* Records for processing
Segment Open
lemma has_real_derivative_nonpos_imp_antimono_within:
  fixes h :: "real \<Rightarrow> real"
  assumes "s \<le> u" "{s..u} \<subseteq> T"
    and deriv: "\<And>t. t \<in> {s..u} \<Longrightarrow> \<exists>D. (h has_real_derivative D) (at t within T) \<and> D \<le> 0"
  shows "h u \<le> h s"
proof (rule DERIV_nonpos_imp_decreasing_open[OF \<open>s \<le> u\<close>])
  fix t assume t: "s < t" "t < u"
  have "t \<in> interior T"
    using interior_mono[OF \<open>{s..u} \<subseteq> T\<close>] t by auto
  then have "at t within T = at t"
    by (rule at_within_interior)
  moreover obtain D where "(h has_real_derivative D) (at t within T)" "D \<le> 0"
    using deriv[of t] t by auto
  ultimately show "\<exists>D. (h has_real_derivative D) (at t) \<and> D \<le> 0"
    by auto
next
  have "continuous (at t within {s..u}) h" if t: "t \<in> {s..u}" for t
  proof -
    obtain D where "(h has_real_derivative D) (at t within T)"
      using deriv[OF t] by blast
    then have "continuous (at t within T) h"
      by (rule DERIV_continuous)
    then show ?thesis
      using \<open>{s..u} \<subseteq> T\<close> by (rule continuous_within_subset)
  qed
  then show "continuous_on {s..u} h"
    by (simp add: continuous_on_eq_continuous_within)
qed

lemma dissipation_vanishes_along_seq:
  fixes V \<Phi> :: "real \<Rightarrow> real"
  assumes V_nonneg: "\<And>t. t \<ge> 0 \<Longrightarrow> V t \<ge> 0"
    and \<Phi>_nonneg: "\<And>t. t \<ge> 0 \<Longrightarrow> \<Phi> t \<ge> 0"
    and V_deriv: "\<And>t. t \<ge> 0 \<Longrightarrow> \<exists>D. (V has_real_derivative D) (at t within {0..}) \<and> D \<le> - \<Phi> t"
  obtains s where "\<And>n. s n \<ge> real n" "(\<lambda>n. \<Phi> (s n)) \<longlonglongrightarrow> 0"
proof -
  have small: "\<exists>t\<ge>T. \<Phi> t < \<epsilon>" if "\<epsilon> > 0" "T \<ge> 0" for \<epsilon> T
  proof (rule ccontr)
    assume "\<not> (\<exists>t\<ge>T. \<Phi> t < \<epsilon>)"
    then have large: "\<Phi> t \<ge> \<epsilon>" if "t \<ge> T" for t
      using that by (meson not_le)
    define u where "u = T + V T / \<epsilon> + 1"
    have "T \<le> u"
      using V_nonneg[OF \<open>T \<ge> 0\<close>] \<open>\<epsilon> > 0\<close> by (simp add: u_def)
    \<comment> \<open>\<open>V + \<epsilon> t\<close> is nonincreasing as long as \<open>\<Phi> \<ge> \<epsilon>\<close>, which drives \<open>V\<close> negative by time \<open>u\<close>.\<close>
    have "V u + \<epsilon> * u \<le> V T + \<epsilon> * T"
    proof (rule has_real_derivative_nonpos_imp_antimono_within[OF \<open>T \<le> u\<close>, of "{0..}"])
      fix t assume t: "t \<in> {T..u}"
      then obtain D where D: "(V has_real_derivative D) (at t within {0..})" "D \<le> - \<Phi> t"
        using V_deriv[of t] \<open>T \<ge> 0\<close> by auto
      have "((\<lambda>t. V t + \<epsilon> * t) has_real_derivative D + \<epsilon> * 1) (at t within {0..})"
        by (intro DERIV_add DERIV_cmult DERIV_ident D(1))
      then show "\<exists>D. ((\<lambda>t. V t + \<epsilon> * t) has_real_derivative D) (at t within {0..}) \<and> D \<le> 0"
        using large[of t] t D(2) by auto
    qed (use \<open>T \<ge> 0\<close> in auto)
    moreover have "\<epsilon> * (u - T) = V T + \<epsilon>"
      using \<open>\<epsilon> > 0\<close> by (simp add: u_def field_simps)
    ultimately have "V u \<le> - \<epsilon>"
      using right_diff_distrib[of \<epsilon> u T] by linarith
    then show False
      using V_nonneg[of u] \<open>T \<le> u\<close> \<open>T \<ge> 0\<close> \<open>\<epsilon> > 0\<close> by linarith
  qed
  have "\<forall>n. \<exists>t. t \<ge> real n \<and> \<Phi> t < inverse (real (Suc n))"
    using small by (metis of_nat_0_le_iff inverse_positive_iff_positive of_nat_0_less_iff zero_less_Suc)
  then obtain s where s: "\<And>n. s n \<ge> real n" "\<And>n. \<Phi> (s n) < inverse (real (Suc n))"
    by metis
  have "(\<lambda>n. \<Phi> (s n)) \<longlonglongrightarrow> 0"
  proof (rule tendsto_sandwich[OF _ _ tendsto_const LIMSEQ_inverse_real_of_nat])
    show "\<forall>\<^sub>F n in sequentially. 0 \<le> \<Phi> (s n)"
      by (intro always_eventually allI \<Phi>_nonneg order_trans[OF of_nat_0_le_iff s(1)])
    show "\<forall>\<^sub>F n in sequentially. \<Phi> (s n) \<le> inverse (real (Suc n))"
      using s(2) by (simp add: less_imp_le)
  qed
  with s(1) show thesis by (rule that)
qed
Segment Closed
Segment Open
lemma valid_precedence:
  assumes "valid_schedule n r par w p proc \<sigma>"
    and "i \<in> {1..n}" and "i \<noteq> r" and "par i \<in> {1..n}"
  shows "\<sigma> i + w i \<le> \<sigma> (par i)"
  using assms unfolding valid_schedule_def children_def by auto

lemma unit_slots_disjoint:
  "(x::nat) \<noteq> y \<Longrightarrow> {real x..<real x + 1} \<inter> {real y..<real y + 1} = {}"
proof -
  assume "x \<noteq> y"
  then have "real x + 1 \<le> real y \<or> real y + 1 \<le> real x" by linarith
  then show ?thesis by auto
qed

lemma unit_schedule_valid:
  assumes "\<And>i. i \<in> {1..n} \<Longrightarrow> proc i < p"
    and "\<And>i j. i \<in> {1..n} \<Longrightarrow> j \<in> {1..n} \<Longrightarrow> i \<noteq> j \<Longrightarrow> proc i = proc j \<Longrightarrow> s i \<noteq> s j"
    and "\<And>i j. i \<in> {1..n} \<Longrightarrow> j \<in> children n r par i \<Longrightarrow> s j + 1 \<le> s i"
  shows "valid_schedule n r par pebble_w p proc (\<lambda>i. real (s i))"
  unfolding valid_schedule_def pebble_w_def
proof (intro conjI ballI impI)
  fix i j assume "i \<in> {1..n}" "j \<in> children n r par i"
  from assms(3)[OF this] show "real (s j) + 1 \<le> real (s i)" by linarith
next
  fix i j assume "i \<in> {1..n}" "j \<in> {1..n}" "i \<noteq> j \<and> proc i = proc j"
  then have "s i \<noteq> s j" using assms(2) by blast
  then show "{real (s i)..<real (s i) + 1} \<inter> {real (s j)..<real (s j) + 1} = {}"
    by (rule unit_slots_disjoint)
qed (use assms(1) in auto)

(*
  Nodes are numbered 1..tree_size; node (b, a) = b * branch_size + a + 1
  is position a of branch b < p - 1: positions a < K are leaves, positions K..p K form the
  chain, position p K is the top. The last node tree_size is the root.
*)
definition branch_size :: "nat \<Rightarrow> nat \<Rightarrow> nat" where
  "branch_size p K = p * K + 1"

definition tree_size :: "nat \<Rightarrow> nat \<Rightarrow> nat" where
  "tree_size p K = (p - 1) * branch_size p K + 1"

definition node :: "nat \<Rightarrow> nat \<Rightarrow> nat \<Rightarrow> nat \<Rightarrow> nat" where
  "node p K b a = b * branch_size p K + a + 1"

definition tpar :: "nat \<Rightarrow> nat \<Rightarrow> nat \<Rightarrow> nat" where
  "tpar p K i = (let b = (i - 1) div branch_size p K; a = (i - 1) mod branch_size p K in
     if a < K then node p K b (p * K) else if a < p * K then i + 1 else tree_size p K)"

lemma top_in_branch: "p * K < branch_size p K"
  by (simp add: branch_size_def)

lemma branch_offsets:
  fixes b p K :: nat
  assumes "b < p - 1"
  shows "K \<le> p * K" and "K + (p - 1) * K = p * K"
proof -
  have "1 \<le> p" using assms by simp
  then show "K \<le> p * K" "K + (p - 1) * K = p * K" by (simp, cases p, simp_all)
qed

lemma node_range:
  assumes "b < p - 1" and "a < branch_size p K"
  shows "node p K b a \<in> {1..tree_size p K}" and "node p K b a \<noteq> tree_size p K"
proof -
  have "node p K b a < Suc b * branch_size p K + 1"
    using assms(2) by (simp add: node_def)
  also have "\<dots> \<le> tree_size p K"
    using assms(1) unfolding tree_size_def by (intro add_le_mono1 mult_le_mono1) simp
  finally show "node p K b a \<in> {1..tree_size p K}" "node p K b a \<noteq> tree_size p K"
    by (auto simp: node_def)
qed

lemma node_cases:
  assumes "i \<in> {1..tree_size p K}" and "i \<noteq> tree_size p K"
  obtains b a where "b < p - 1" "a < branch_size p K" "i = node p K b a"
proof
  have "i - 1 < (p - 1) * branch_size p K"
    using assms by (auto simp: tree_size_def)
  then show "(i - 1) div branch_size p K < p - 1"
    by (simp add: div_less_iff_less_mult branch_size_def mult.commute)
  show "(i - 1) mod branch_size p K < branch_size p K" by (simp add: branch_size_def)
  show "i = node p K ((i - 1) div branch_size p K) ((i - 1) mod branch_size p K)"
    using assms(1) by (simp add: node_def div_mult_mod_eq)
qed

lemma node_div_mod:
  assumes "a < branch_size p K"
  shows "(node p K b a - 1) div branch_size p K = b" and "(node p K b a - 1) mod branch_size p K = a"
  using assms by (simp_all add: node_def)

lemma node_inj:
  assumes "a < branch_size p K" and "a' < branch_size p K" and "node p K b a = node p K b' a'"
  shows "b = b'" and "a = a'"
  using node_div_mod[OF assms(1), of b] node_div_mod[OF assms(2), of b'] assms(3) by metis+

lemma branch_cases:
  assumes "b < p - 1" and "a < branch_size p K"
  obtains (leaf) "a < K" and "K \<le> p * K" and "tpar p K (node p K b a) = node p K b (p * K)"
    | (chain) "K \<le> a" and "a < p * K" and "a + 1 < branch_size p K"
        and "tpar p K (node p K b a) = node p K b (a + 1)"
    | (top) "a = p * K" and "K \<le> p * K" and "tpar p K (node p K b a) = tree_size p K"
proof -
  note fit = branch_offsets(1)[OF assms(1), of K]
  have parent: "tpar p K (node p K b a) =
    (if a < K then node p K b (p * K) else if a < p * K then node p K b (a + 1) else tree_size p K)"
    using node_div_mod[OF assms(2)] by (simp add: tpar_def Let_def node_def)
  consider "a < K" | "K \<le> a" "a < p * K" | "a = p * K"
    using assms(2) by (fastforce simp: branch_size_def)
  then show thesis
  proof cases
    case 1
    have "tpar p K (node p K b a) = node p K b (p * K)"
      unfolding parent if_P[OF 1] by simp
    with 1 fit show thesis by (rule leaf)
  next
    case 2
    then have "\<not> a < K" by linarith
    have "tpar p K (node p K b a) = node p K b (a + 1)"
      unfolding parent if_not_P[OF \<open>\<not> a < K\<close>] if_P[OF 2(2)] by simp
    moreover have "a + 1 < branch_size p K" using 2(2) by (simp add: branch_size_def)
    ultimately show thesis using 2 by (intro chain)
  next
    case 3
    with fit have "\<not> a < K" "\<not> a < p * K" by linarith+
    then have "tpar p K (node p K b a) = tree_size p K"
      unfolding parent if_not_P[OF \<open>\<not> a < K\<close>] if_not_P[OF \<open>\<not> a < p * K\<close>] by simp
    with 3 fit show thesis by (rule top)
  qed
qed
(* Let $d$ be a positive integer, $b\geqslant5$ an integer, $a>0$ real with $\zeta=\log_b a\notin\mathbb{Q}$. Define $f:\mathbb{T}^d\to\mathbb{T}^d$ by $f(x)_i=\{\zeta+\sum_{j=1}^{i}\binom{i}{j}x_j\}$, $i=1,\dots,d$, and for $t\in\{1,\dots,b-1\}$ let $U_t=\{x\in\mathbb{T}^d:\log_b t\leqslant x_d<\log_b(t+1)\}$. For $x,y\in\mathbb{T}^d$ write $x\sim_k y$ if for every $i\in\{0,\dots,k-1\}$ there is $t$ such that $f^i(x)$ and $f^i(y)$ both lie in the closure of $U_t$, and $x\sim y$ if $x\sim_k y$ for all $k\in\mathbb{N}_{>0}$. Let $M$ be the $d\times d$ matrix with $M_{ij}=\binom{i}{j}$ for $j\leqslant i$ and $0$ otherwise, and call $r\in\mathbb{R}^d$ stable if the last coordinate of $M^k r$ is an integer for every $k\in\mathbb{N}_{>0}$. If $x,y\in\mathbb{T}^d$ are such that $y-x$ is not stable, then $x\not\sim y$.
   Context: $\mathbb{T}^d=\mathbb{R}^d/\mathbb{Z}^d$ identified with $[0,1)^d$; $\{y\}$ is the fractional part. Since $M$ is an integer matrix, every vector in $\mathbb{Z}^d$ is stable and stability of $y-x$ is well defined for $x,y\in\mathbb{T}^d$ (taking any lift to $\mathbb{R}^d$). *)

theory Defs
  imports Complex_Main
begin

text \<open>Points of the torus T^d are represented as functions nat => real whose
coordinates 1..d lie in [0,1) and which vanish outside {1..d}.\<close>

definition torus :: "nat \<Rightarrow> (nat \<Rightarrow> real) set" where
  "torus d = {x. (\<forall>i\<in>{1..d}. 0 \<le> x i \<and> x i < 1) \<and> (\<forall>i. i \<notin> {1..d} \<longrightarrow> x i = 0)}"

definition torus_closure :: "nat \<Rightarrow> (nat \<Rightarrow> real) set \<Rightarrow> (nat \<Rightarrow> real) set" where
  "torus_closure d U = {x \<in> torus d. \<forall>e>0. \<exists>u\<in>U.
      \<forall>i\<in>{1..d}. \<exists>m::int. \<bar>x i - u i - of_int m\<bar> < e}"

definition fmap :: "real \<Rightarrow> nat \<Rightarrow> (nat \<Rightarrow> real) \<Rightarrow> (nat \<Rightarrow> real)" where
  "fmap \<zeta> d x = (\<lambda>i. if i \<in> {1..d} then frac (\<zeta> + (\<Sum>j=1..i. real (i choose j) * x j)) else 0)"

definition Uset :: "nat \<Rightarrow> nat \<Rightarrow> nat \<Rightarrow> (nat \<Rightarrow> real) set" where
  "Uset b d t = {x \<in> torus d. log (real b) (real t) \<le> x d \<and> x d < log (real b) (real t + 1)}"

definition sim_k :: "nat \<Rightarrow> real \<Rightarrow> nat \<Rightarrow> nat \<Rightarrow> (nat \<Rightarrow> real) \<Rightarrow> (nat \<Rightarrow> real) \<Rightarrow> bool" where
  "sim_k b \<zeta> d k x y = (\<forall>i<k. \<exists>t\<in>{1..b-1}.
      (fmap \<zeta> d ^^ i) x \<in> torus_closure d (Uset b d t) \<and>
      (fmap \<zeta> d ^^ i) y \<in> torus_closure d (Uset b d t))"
Segment Closed
* Your assignment
Reproduce each line of the records in which the string "metis" appears.

* Your response
    using small by (metis of_nat_0_le_iff inverse_positive_iff_positive of_nat_0_less_iff zero_less_Suc)
    by metis
  using node_div_mod[OF assms(1), of b] node_div_mod[OF assms(2), of b'] assms(3) by metis+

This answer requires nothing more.